If you see Malcolm Fife's name on the cover of a book you can be confident that what lies within will be superbly researched, well written and engaging. He also tends to produce books that have a real feeling of being "definitive": books that tell the stories of their subjects so well that no-one will ever again be able to tackle those subjects without reference to his account of them. "The Story of Calton Jail, Edinburgh's Victorian Prison" is no exception.
Mourned by many as one of the great lost buildings of Edinburgh, Calton Jail stood on the flank of Calton Hill, towering over the north side of the railway lines near Waverley Station on the site since occupied by the seriously unlovely St Andrew's House. Such was its design that many visitors arriving in the city mistook the jail for Edinburgh Castle. Today all that remains of the jail is the old Governor's House, which gives a sense of the character of what was lost, though certainly not its scale.

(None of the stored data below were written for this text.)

text \<open>Laplace's proof, by induction on the 2-adic valuation of the degree: the polynomial with
  roots \<open>r i + r j + c r i r j\<close> (\<open>i < j\<close>) is real of degree \<open>n (n - 1) / 2\<close>, so one of its roots
  lies in \<open>R(i)\<close> for each of the infinitely many \<open>c\<close>; two values of \<open>c\<close> share the pair \<open>i, j\<close>,
  which puts \<open>r i + r j\<close> and \<open>r i r j\<close>, hence \<open>r i\<close>, into \<open>R(i)\<close>.\<close>

lemma real_poly_root_in_R_i_pow2:
  fixes p :: "'a::real_closed_field poly"
  assumes "degree p = 2 ^ k * m" "odd m"
  shows "\<exists>z\<in>R_i. poly (map_poly to_ac p) z = 0"
  using assms
proof (induction k arbitrary: p m)
  case 0
  then obtain x where "poly p x = 0" using odd_degree_poly_has_root by auto
  then show ?case using to_ac_in_R_i[of x] by force
next
  case (Suc k)
  define n where "n = degree p"
  have "n > 0" using Suc.prems unfolding n_def by (cases m) auto
  then have "p \<noteq> 0" unfolding n_def by auto
  then obtain r where p: "map_poly to_ac p = smult (to_ac (lead_coeff p)) (\<Prod>j<n. [:- r j, 1:])"
    unfolding n_def by (rule alg_closure_factorization)
  define h where "h c i j = r i + r j + to_ac c * r i * r j" for c i j
  have "\<exists>(i, j)\<in>index_pairs n. h (of_nat N) i j \<in> R_i" for N :: nat
  proof -
    obtain q' where q': "(\<Prod>(i, j)\<in>index_pairs n. [:- h (of_nat N) i j, 1:]) = map_poly to_ac q'"
      using pair_values_poly_real[OF \<open>p \<noteq> 0\<close> p[unfolded n_def]] unfolding h_def n_def by blast
    have "degree q' = card (index_pairs n)"
      using arg_cong[OF q', of degree] by (simp add: degree_prod_eq_sum_degree case_prod_beta)
    moreover have "odd (n - 1)" using Suc.prems(1) \<open>n > 0\<close> unfolding n_def by (cases n) auto
    moreover have "card (index_pairs n) = 2 ^ k * (m * (n - 1))"
      using card_index_pairs[of n] Suc.prems(1) unfolding n_def by simp
    ultimately obtain z where "z \<in> R_i" "poly (map_poly to_ac q') z = 0"
      using Suc.IH[of q' "m * (n - 1)"] Suc.prems(2) by auto
    then show ?thesis
      unfolding q'[symmetric] by (auto simp: poly_prod prod_zero_iff case_prod_beta)
  qed
  then obtain g where g: "\<And>N. g N \<in> index_pairs n \<and> h (of_nat N) (fst (g N)) (snd (g N)) \<in> R_i"
    by (metis case_prod_beta)
  have "\<not> inj g"
    using g finite_index_pairs[of n]
    by (metis finite_imageD finite_subset image_subsetI infinite_UNIV_nat)
  then obtain N1 N2 where N: "N1 \<noteq> N2" "g N1 = g N2" unfolding inj_def by blast
  define i where "i = fst (g N1)"
  have "r i \<in> R_i"
  proof (rule R_i_if_pair_values)
    show "r i + r (snd (g N1)) + to_ac (of_nat N1) * r i * r (snd (g N1)) \<in> R_i"
      using g[of N1] unfolding h_def i_def by simp
    show "r i + r (snd (g N1)) + to_ac (of_nat N2) * r i * r (snd (g N1)) \<in> R_i"
      using g[of N2] N(2) unfolding h_def i_def by simp
    show "(of_nat N1 :: 'a) \<noteq> of_nat N2" using N(1) by simp
  qed
  moreover have "i < n" using g[of N1] unfolding i_def index_pairs_def by auto
  then have "poly (map_poly to_ac p) (r i) = 0" by (subst p) (auto simp: poly_prod)
  ultimately show ?case by blast
qed

lemma real_poly_root_in_R_i:
  fixes p :: "'a::real_closed_field poly"
  assumes "0 < degree p"
  obtains z where "z \<in> R_i" "poly (map_poly to_ac p) z = 0"
proof -
  obtain m where "degree p = 2 ^ multiplicity 2 (degree p) * m" "\<not> 2 dvd m"
    using multiplicity_decompose'[of "degree p" 2] assms by auto
  then show ?thesis using real_poly_root_in_R_i_pow2 that by blast
qed

lemma quadratic_dvd_if_nonreal_root:
  fixes p :: "'a::real_closed_field poly"
  assumes "poly (map_poly to_ac p) (to_ac \<alpha> + i_ac * to_ac \<beta>) = 0" "\<beta> \<noteq> 0"
  shows "[:\<alpha> * \<alpha> + \<beta> * \<beta>, -2 * \<alpha>, 1:] dvd p"
proof -
  define q where "q = [:\<alpha> * \<alpha> + \<beta> * \<beta>, -2 * \<alpha>, 1:]"
  define z where "z = to_ac \<alpha> + i_ac * to_ac \<beta>"
  have "poly (map_poly to_ac q) z = to_ac \<beta> * to_ac \<beta> + (i_ac * i_ac) * (to_ac \<beta> * to_ac \<beta>)"
    unfolding q_def z_def by (simp add: map_poly_pCons algebra_simps)
  then have q_z: "poly (map_poly to_ac q) z = 0" by (simp add: i_ac_squared)
  define s where "s = p mod q"
  have s_z: "poly (map_poly to_ac s) z = 0"
    using assms(1) poly_map_poly_to_ac_mod[OF q_z] unfolding s_def z_def by simp
  have "q \<noteq> 0" unfolding q_def by simp
  then have "degree s < 2"
    using degree_mod_less'[of q p] unfolding s_def[symmetric] by (cases "s = 0") (auto simp: q_def)
  then have s: "s = [:coeff s 0, coeff s 1:]"
    by (intro poly_eqI) (auto simp: coeff_pCons coeff_eq_0 split: nat.splits)
  have "to_ac (coeff s 0 + coeff s 1 * \<alpha>) + i_ac * to_ac (coeff s 1 * \<beta>) = poly (map_poly to_ac s) z"
    unfolding z_def by (subst (2) s) (simp add: map_poly_pCons algebra_simps)
  then have "to_ac (coeff s 0 + coeff s 1 * \<alpha>) + i_ac * to_ac (coeff s 1 * \<beta>) = to_ac 0"
    unfolding s_z by simp
  then have "coeff s 1 * \<beta> = 0" "coeff s 0 + coeff s 1 * \<alpha> = 0"
    by (rule real_plus_i_ac_times_real_eq_real)+
  then have "coeff s 1 = 0" "coeff s 0 = 0" using assms(2) by auto
  then have "s = 0" by (subst s) simp
  then show ?thesis unfolding s_def q_def by (simp add: mod_eq_0_iff_dvd)
qed

lemma rcf_poly_root_or_quadratic_factor:
  fixes p :: "'a::real_closed_field poly"
  assumes "0 < degree p"
  obtains x where "poly p x = 0"
    | q where "q dvd p" "degree q = 2" "\<And>x. 0 < poly q x"
proof -
  obtain z where "z \<in> R_i" "poly (map_poly to_ac p) z = 0"
    using real_poly_root_in_R_i[OF assms] by blast
  then obtain \<alpha> \<beta> where z: "poly (map_poly to_ac p) (to_ac \<alpha> + i_ac * to_ac \<beta>) = 0"
    by (metis R_iE)
  show ?thesis
  proof (cases "\<beta> = 0")
    case True
    then show ?thesis using z that(1)[of \<alpha>] by simp
  next
    case False
    have "0 < poly [:\<alpha> * \<alpha> + \<beta> * \<beta>, -2 * \<alpha>, 1:] x" for x
    proof -
      have "poly [:\<alpha> * \<alpha> + \<beta> * \<beta>, -2 * \<alpha>, 1:] x = (x - \<alpha>) * (x - \<alpha>) + \<beta> * \<beta>"
        by (simp add: algebra_simps)
      moreover have "0 < \<beta> * \<beta>" using False by (simp add: not_square_less_zero less_le)
      ultimately show ?thesis by (metis add_nonneg_pos zero_le_square)
    qed
    then show ?thesis
      using that(2) quadratic_dvd_if_nonreal_root[OF z False] by simp
  qed
qed

text \<open>Split off a factor without sign change on \<open>[a, b]\<close> and induct on the degree.\<close>

lemma rcf_poly_IVT:
  fixes p :: "'a::real_closed_field poly"
  assumes "a \<le> b" "poly p a * poly p b \<le> 0"
  shows "\<exists>x. a \<le> x \<and> x \<le> b \<and> poly p x = 0"
  using assms(2)
proof (induction "degree p" arbitrary: p rule: less_induct)
  case less
  show ?case
  proof (cases "poly p a * poly p b = 0")
    case True
    then show ?thesis using assms(1) by auto
  next
    case False
    then have neg: "poly p a * poly p b < 0" using less.prems by (metis less_le)
    have "0 < degree p"
      using neg by (metis degree_eq_zeroE gr0I not_square_less_zero poly_const_conv)
    have split: "\<exists>x. a \<le> x \<and> x \<le> b \<and> poly p x = 0"
      if "p = f * s" "0 < degree f" "0 < poly f a * poly f b" for f s
    proof -
      have "s \<noteq> 0" "f \<noteq> 0" using neg that(1) by auto
      then have "degree s < degree p" using that(1,2) by (simp add: degree_mult_eq)
      moreover have "poly p a * poly p b = (poly f a * poly f b) * (poly s a * poly s b)"
        using that(1) by (simp add: mult_ac)
      then have "poly s a * poly s b \<le> 0"
        using neg mult_pos_pos[OF that(3), of "poly s a * poly s b"] by linarith
      ultimately show ?thesis using less.hyps that(1) by fastforce
    qed
    show ?thesis
      using \<open>0 < degree p\<close>
    proof (cases rule: rcf_poly_root_or_quadratic_factor)
      case (1 \<alpha>)
      then obtain s where ps: "p = [:-\<alpha>, 1:] * s" by (metis dvdE poly_eq_0_iff_dvd)
      show ?thesis
      proof (cases "a \<le> \<alpha> \<and> \<alpha> \<le> b")
        case True
        then show ?thesis using 1 by blast
      next
        case False
        then have "0 < (a - \<alpha>) * (b - \<alpha>)"
          using assms(1) by (auto simp: zero_less_mult_iff)
        then show ?thesis using split[OF ps] by simp
      qed
    next
      case (2 q)
      then obtain s where "p = q * s" by (elim dvdE)
      then show ?thesis using split 2 by simp
    qed
  qed
qed

section \<open>Signs near a point\<close>

definition cof_value :: "'a::field poly \<Rightarrow> 'a \<Rightarrow> 'a" where
  "cof_value P x = poly (cof P x) x"

text \<open>\<open>side_sgn 1 P x\<close> and \<open>side_sgn (-1) P x\<close> are the signs of \<open>P\<close> immediately to the right
  and to the left of \<open>x\<close> (see \<open>sgn_poly_right\<close>, \<open>sgn_poly_left\<close>); both are \<open>0\<close> for \<open>P = 0\<close>.\<close>

definition side_sgn :: "'a::linordered_field \<Rightarrow> 'a poly \<Rightarrow> 'a \<Rightarrow> 'a" where
  "side_sgn e P x = e ^ order x P * sgn (cof_value P x)"

lemma cof_eqI:
  fixes P C :: "'a::field poly"
  assumes "P = [:-x, 1:] ^ m * C" "poly C x \<noteq> 0"
  shows "order x P = m" "cof P x = C" "cof_value P x = poly C x" "P \<noteq> 0"
proof -
  have "C \<noteq> 0" using assms(2) by auto
  then show "P \<noteq> 0" using assms(1) by simp
  then show order: "order x P = m"
    using assms by (simp add: order_mult order_power_n_n order_0I)
  show "cof P x = C" unfolding cof_def order using assms(1) by simp
  then show "cof_value P x = poly C x" unfolding cof_value_def by simp
qed

lemma cof_decomp:
  fixes P :: "'a::field poly"
  assumes "P \<noteq> 0"
  shows "P = [:-x, 1:] ^ order x P * cof P x" "cof_value P x \<noteq> 0"
proof -
  obtain C where C: "P = [:-x, 1:] ^ order x P * C" "\<not> [:-x, 1:] dvd C"
    using order_decomp[OF assms] by blast
  then have "poly C x \<noteq> 0" by (simp add: poly_eq_0_iff_dvd)
  then show "P = [:-x, 1:] ^ order x P * cof P x" "cof_value P x \<noteq> 0"
    using cof_eqI[OF C(1)] C(1) by simp_all
qed

lemma side_sgn_0 [simp]: "side_sgn e 0 x = 0"
  by (simp add: side_sgn_def cof_value_def cof_def)

lemma side_sgn_unit:
  assumes "e = 1 \<or> e = -1" "F \<noteq> 0"
  shows "side_sgn e F x = 1 \<or> side_sgn e F x = -1"
  using assms cof_decomp(2)[OF assms(2), of x]
  by (cases "even (order x F)") (auto simp: side_sgn_def sgn_if)

lemma side_sgn_square:
  assumes "e = 1 \<or> e = -1" "F \<noteq> 0"
  shows "side_sgn e F x * side_sgn e F x = 1"
  using side_sgn_unit[OF assms, of x] by auto

lemma side_sgn_minus_one: "side_sgn (-1) F x = (-1) ^ order x F * side_sgn 1 F x"
  by (simp add: side_sgn_def)

lemma cof_value_mult:
  assumes "P \<noteq> 0" "Q \<noteq> 0"
  shows "cof_value (P * Q) x = cof_value P x * cof_value Q x"
proof -
  have "P * Q = [:-x, 1:] ^ (order x P + order x Q) * (cof P x * cof Q x)"
    by (subst (1) cof_decomp(1)[OF assms(1), of x], subst (1) cof_decomp(1)[OF assms(2), of x])
       (simp add: power_add mult_ac)
  moreover have "poly (cof P x * cof Q x) x \<noteq> 0"
    using cof_decomp(2)[OF assms(1)] cof_decomp(2)[OF assms(2)] by (simp add: cof_value_def)
  ultimately have "cof_value (P * Q) x = poly (cof P x * cof Q x) x" by (rule cof_eqI(3))
  then show ?thesis by (simp add: cof_value_def)
qed

lemma side_sgn_mult:
  assumes "F \<noteq> 0" "G \<noteq> 0"
  shows "side_sgn e (F * G) x = side_sgn e F x * side_sgn e G x"
  using assms by (simp add: side_sgn_def cof_value_mult order_mult power_add sgn_mult mult_ac)

lemma cof_value_uminus: "cof_value (- P) x = - cof_value P x"
  by (simp add: cof_value_def cof_def)

lemma side_sgn_uminus: "side_sgn e (- F) x = - side_sgn e F x"
  by (simp add: side_sgn_def cof_value_uminus order_uminus)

Malcolm Fife leads his readers through the reasons why a new jail was necessary in Edinburgh and gives a brief history of previous institutions used to incarcerate those who, for one reason or another, were deemed in need of locking-up. The construction of the jail is covered, followed by chapters looking at different aspects of life (and death) in the prison. Day to day prison life is discussed, as is the role of the governors and warders. Public executions are covered, as are the later executions within the prison itself. We then move on to a series of chapters examining different groups who might have found themselves imprisoned, including sailors, foreign prisoners, young offenders, the criminally insane, dissenting crofters, Irish terrorists, suffragettes and more. The book then offers chapters looking at deaths, suicides and escapes before concluding with a chapter on the replacement and eventual demolition of the prison.

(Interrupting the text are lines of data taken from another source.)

lemma Fstar_ge:
  fixes F :: "real \<Rightarrow> real"
  assumes cont: "continuous_on {0..lmax} F" and x: "0 \<le> x" "x \<le> 1" "x \<le> lmax"
  shows "F x \<le> Fstar lmax F"
proof -
  let ?M = "restrict_space borel {0..lmax}"
  let ?S = "{integral\<^sup>L \<alpha> F | \<alpha>.
      prob_space \<alpha> \<and> sets \<alpha> = sets ?M \<and> space \<alpha> = {0..lmax} \<and> integral\<^sup>L \<alpha> (\<lambda>x. x) \<le> 1}"
  have x_space: "x \<in> space ?M" using x by simp
  have "F \<in> borel_measurable ?M" by (rule borel_measurable_continuous_on_restrict[OF cont])
  moreover have "(\<lambda>x. x) \<in> borel_measurable ?M"
    by (rule borel_measurable_continuous_on_restrict) (intro continuous_intros)
  ultimately have "integral\<^sup>L (return ?M x) F \<in> ?S"
    using x_space x by (auto simp: prob_space_return integral_return intro!: exI[of _ "return ?M x"])
  then have F_x_mem: "F x \<in> ?S"
    using x_space \<open>F \<in> borel_measurable ?M\<close> by (simp add: integral_return)
  obtain B where B: "\<And>y. y \<in> {0..lmax} \<Longrightarrow> F y \<le> B" and "0 \<le> B"
  proof -
    have "bdd_above (F ` {0..lmax})"
      using compact_continuous_image[OF cont] by (auto intro: bounded_imp_bdd_above compact_imp_bounded)
    then obtain B where "\<forall>y\<in>{0..lmax}. F y \<le> B" by (auto simp: bdd_above_def)
    then show thesis by (intro that[of "max B 0"]) (auto simp: le_max_iff_disj)
  qed
  have "bdd_above ?S"
  proof (rule bdd_aboveI)
    fix r assume "r \<in> ?S"
    then obtain \<alpha> where r: "r = integral\<^sup>L \<alpha> F" and "prob_space \<alpha>" and "space \<alpha> = {0..lmax}"
      by auto
    show "r \<le> B"
    proof (cases "integrable \<alpha> F")
      case True
      then have "integral\<^sup>L \<alpha> F \<le> integral\<^sup>L \<alpha> (\<lambda>_. B)"
        using \<open>prob_space \<alpha>\<close> \<open>space \<alpha> = {0..lmax}\<close> B
        by (intro integral_mono) (auto intro: finite_measure.integrable_const prob_space.finite_measure)
      also have "\<dots> = B" using \<open>prob_space \<alpha>\<close> by (simp add: prob_space.prob_space)
      finally show ?thesis using r by simp
    next
      case False
      then show ?thesis using r \<open>0 \<le> B\<close> by (simp add: not_integrable_integral_eq)
    qed
  qed
  then show ?thesis unfolding Fstar_def using cSup_upper[OF F_x_mem] by blast
qed

locale two_arrival_stationary =
  fixes tau :: nat and k1 k2 :: real and p :: "nat \<Rightarrow> real"
  assumes k1_pos: "0 < k1" and k2_pos: "0 < k2" and k2_le_1: "k2 \<le> 1"
    and stationary: "stationary_bd (two_arrival tau k1 k2) p"
begin

lemma p_nonneg: "0 \<le> p q"
  using stationary unfolding stationary_bd_def by blast

lemma p_sums_one: "p sums 1"
  using stationary unfolding stationary_bd_def by blast

lemma p_Suc: "p (Suc q) = p q * two_arrival tau k1 k2 q"
  using stationary by (rule stationary_bd_detailed_balance)

lemma p_geometric: "q \<le> tau \<Longrightarrow> p q = p 0 * (1 + k1) ^ q"
  by (induction q) (auto simp: p_Suc two_arrival_def)

lemma p_0_pos: "0 < p 0"
proof (rule ccontr)
  assume "\<not> 0 < p 0"
  then have "p 0 = 0" using p_nonneg[of 0] by simp
  then have "p q = 0" for q by (induction q) (auto simp: p_Suc)
  then have "p sums 0" by (simp add: sums_0)
  with p_sums_one show False using sums_unique2 by fastforce
qed

lemma p_mono_below_tau: "q \<le> r \<Longrightarrow> r \<le> tau \<Longrightarrow> p q \<le> p r"
  using p_geometric[of q] p_geometric[of r] p_0_pos k1_pos
  by (auto intro!: mult_left_mono power_increasing)

lemma p_le_p_tau: "p q \<le> p tau"
proof (cases "q \<le> tau")
  case True
  then show ?thesis by (simp add: p_mono_below_tau)
next
  case False
  then have "tau \<le> q" by simp
  then show ?thesis
  proof (induction q rule: dec_induct)
    case (step n)
    then have "p (Suc n) = p n - p n * k2" by (simp add: p_Suc two_arrival_def algebra_simps)
    moreover have "0 \<le> p n * k2" using p_nonneg[of n] k2_pos by simp
    ultimately show ?case using step.IH by linarith
  qed simp_all
qed

lemma p_tau_pos: "0 < p tau"
  using p_0_pos p_le_p_tau[of 0] by linarith

lemma sum_below_tau: "k1 * (\<Sum>q<tau. p q) = p tau - p 0"
proof -
  have "(\<Sum>q<tau. k1 * p q) = (\<Sum>q<tau. p (Suc q) - p q)"
    by (rule sum.cong) (auto simp: p_Suc two_arrival_def algebra_simps)
  also have "\<dots> = p tau - p 0" by (rule sum_lessThan_telescope)
  finally show ?thesis by (simp add: sum_distrib_left)
qed

lemma ln_p_tau_div_p_0_le: "ln (p tau / p 0) \<le> real tau * k1"
proof -
  have "ln (p tau / p 0) = real tau * ln (1 + k1)"
    using p_geometric[of tau] p_0_pos k1_pos by (simp add: ln_realpow)
  also have "\<dots> \<le> real tau * k1"
    using k1_pos by (intro mult_left_mono ln_add_one_self_le_self) auto
  finally show ?thesis .
qed

lemma summable_mean: "summable (\<lambda>q. real q * p q)"
proof (rule summable_ratio_test[of "1 - k2 / 2" "max tau (nat \<lceil>2 / k2\<rceil>)"])
  show "1 - k2 / 2 < 1" using k2_pos by simp
next
  fix n assume n: "max tau (nat \<lceil>2 / k2\<rceil>) \<le> n"
  then have "p (Suc n) = (1 - k2) * p n" by (simp add: p_Suc two_arrival_def)
  moreover have "2 \<le> k2 * real n" using n k2_pos by (simp add: field_simps)
  then have "real (Suc n) * (1 - k2) * p n \<le> (1 - k2 / 2) * real n * p n"
    using k2_pos by (intro mult_right_mono p_nonneg) (simp add: algebra_simps)
  ultimately show "norm (real (Suc n) * p (Suc n)) \<le> (1 - k2 / 2) * norm (real n * p n)"
    using p_nonneg[of n] k2_le_1 by (simp add: abs_of_nonneg mult.assoc)
qed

If the text were not enough, the book also offers 14 appendices whose contents add another dimension to the story of the jail. It's not possible to see how many boys and girls aged under 14 were locked up in 1838/9 without a real sense of shock, for example. Meanwhile, the collection of illustrations brought together in the centre of the book is simply outstanding. This includes maps, plans, drawings and, of course, given the age in which the jail operated, photographs, which make very clear why newcomers to Edinburgh sometimes thought the jail was the most castle-like object on the city's skyline.